Mafia/Union Ties Still Strong

by | Jun 22, 2017 | News

FBI agents and NYPD cops arrested 19 members and associates of the Lucchese crime family in a May 31st sweep. Crimes charged included wire fraud, racketeering, drug trafficking and murder committed over a 17-year period. How does this tie into unions?  According to the article,

Labor racketeering was a big part of this crime web. And it was the elder Steven Crea who made it happen. During January 1991-October 1998, brothers Giuseppe and Fred Scalamandre, owners of several Long Island construction companies, paid Lucchese crime family boss Alphonse D’Arco and underboss Anthony “Gaspipe” Casso about $40,000 a year to avoid making scheduled union benefit contributions, as specified in collective bargaining agreements. The Lucchese organization then paid off bosses and agents of Laborers International Union of North America (LIUNA) Local 66, Blasters, Miners & Drill Runners Local 29 (a LIUNA affiliate), and International Union of Bricklayers & Allied Craftworkers Local 1 in exchange for assurances of “labor peace.” Federal officials eventually caught on to the scheme, and indicted the Scalamandres. The brothers pleaded guilty to skimming about $5 million from benefit plans plus another $1 million in tax fraud. Crea was sentenced to 34 months in federal prison in January 2004 for extortion. Two months later, he was sentenced to two to six years in prison, to be served concurrently with his 34-month sentence, for price fixing at three New York City construction sites and for imposing a “mob tax” on unions and contractors. As the New York construction industry long has been mobbed up, none of this should come as shocking.

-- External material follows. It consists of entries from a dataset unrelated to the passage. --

lemma left_invariant_mean_funpow:
  assumes "left_translation_invariant X" and "left_invariant_mean X \<mu>" and "f \<in> X"
  shows "\<mu> ((ltrans s ^^ k) f) = \<mu> f"
  using assms left_translation_invariant_funpow[OF assms(1,3)]
  by (induction k) (simp_all add: left_invariant_mean_def)

lemma left_invariant_mean_Re_le_0:
  assumes X: "closed_linfty_subspace X" and cc: "contains_constants X"
    and inv: "left_translation_invariant X" and \<mu>: "left_invariant_mean X \<mu>" and "h \<in> X"
    and sums: "\<And>n t. (\<Sum>k<n. Re (h (((*) s ^^ k) t))) \<le> B"
  shows "Re (\<mu> h) \<le> 0"
proof -
  have mean: "is_mean X \<mu>"
    using \<mu> by (simp add: left_invariant_mean_def)
  then have dual: "in_dual X \<mu>"
    by (simp add: is_mean_def)
  have "real n * Re (\<mu> h) \<le> B" for n
  proof -
    define F where "F = (\<lambda>t. \<Sum>k<n. (ltrans s ^^ k) h t)"
    have translates: "(ltrans s ^^ k) h \<in> X" for k
      using left_translation_invariant_funpow[OF inv \<open>h \<in> X\<close>] .
    have "F \<in> X"
      unfolding F_def by (rule closed_linfty_subspace_sum[OF X translates])
    moreover have "Re (F t) \<le> B" for t
      using sums by (simp add: F_def ltrans_funpow_apply)
    ultimately have "Re (\<mu> F) \<le> B"
      using mean_Re_le[OF X cc mean] by blast
    moreover have "\<mu> F = (\<Sum>k<n. \<mu> ((ltrans s ^^ k) h))"
      unfolding F_def by (rule in_dual_sum[OF X dual translates])
    then have "\<mu> F = of_nat n * \<mu> h"
      by (simp add: left_invariant_mean_funpow[OF inv \<mu> \<open>h \<in> X\<close>])
    ultimately show ?thesis
      by simp
  qed
  then show ?thesis
    by (meson not_le reals_Archimedean3)
qed

section \<open>Orbits of nonexpansive maps\<close>

lemma norm_diff_power2_sub:
  fixes q u v :: "'a::real_inner"
  shows "(norm (q - u))\<^sup>2 - (norm (q - v))\<^sup>2 = (norm u)\<^sup>2 - (norm v)\<^sup>2 - 2 * inner q (u - v)"
  unfolding power2_norm_eq_inner
  by (simp add: inner_commute algebra_simps)

lemma nonexpansive_telescope:
  fixes F :: "'a::real_inner \<Rightarrow> 'a" and p :: "nat \<Rightarrow> 'a"
  assumes nonexp: "\<And>k. norm (F (p k) - F x) \<le> norm (p k - x)"
    and orbit: "\<And>k. p (Suc k) = F (p k)"
  shows "(\<Sum>k<n. (norm (F x))\<^sup>2 - (norm x)\<^sup>2 - 2 * inner (F (p k)) (F x - x)) \<le> (norm (p 0 - x))\<^sup>2"
proof -
  have "(norm (F x))\<^sup>2 - (norm x)\<^sup>2 - 2 * inner (F (p k)) (F x - x)
      \<le> (norm (p k - x))\<^sup>2 - (norm (p (Suc k) - x))\<^sup>2" for k
  proof -
    have "(norm (F (p k) - F x))\<^sup>2 \<le> (norm (p k - x))\<^sup>2"
      using nonexp by (simp add: power_mono)
    then show ?thesis
      unfolding orbit using norm_diff_power2_sub[of "F (p k)" "F x" x] by linarith
  qed
  then have "(\<Sum>k<n. (norm (F x))\<^sup>2 - (norm x)\<^sup>2 - 2 * inner (F (p k)) (F x - x))
      \<le> (\<Sum>k<n. (norm (p k - x))\<^sup>2 - (norm (p (Suc k) - x))\<^sup>2)"
    by (rule sum_mono)
  also have "\<dots> = (norm (p 0 - x))\<^sup>2 - (norm (p n - x))\<^sup>2"
    by (rule sum_lessThan_telescope')
  finally show ?thesis
    using zero_le_power2[of "norm (p n - x)"] by linarith
qed

lemma orbit_displacement_sum_le:
  assumes rep: "nonexpansive_representation C T" and "c \<in> C" and "x \<in> C"
    and R: "\<And>t. norm (T t c) \<le> R"
  shows "(\<Sum>k<n. (norm (T s x))\<^sup>2 - (norm x)\<^sup>2 - 2 * inner (T (s * ((*) s ^^ k) t) c) (T s x - x))
    \<le> (R + norm x)\<^sup>2"
proof -
  define p where "p k = T (((*) s ^^ k) t) c" for k
  have p_C: "p k \<in> C" for k
    using rep \<open>c \<in> C\<close> by (auto simp: p_def nonexpansive_representation_def)
  have T_mult: "T (s * ((*) s ^^ k) t) c = T s (p k)" for k
    using rep \<open>c \<in> C\<close> by (simp add: p_def nonexpansive_representation_def)
  then have "p (Suc k) = T s (p k)" for k
    by (simp add: p_def)
  then have "(\<Sum>k<n. (norm (T s x))\<^sup>2 - (norm x)\<^sup>2 - 2 * inner (T s (p k)) (T s x - x))
      \<le> (norm (p 0 - x))\<^sup>2"
    using nonexpansive_telescope[of "T s" p x n] rep p_C \<open>x \<in> C\<close>
    by (simp add: nonexpansive_representation_def)
  also have "\<dots> \<le> (R + norm x)\<^sup>2"
    using norm_triangle_ineq4[of "p 0" x] R[of t] by (simp add: p_def power_mono)
  finally show ?thesis
    by (simp add: T_mult)
qed

lemma cinner_T_mu:
  assumes bounded: "bounded (range (\<lambda>s. T s c))" and X: "closed_linfty_subspace X"
    and \<mu>: "is_mean X \<mu>" and orbit_X: "\<And>y. orbit_fun T c y \<in> X"
  shows "cinner (T_mu \<mu> T c) y = \<mu> (orbit_fun T c y)"
proof -
  have dual: "in_dual X \<mu>"
    using \<mu> by (simp add: is_mean_def)
  obtain R where R: "\<And>s. norm (T s c) \<le> R"
    using bounded unfolding bounded_iff by blast
  have "\<exists>!a. \<forall>y. cinner a y = \<mu> (orbit_fun T c y)"
  proof (rule complex_inner_representation)
    show "\<mu> (orbit_fun T c (x + y)) = \<mu> (orbit_fun T c x) + \<mu> (orbit_fun T c y)" for x y
      using in_dual_add[OF dual orbit_X orbit_X] by (simp add: orbit_fun_def cinner_add_right)
    show "\<mu> (orbit_fun T c (scaleC u x)) = u * \<mu> (orbit_fun T c x)" for u x
      using in_dual_mult[OF dual orbit_X] by (simp add: orbit_fun_def cinner_scaleC_right)
    show "cmod (\<mu> (orbit_fun T c x)) \<le> norm x * R" for x
    proof -
      have "cmod (orbit_fun T c x s) \<le> norm x * R" for s
        using cinner_norm_le[of "T s c" x] R[of s] mult_right_mono[OF R[of s], of "norm x"]
        by (simp add: orbit_fun_def mult.commute)
      then have "supnorm (orbit_fun T c x) \<le> norm x * R"
        by (rule supnorm_least)
      then show ?thesis
        using mean_norm_le[OF X \<mu> orbit_X, of x] by linarith
    qed
  qed
  from theI'[OF this] show ?thesis
    unfolding T_mu_def by blast
qed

Taking a page from the mafia playbook, of which Teamsters Local 282 appears intimately familiar based on past association, a double-breasting scheme in the construction industry  defrauded the Local’s benefit fund by about $5 million. For decades this Teamster Local did the bidding of both the Lucchese and Gambino crime families. After it’s 1989 racketeering settlement with the government the Local supposedly severed ties to the Mafia, but apparently old habits die hard.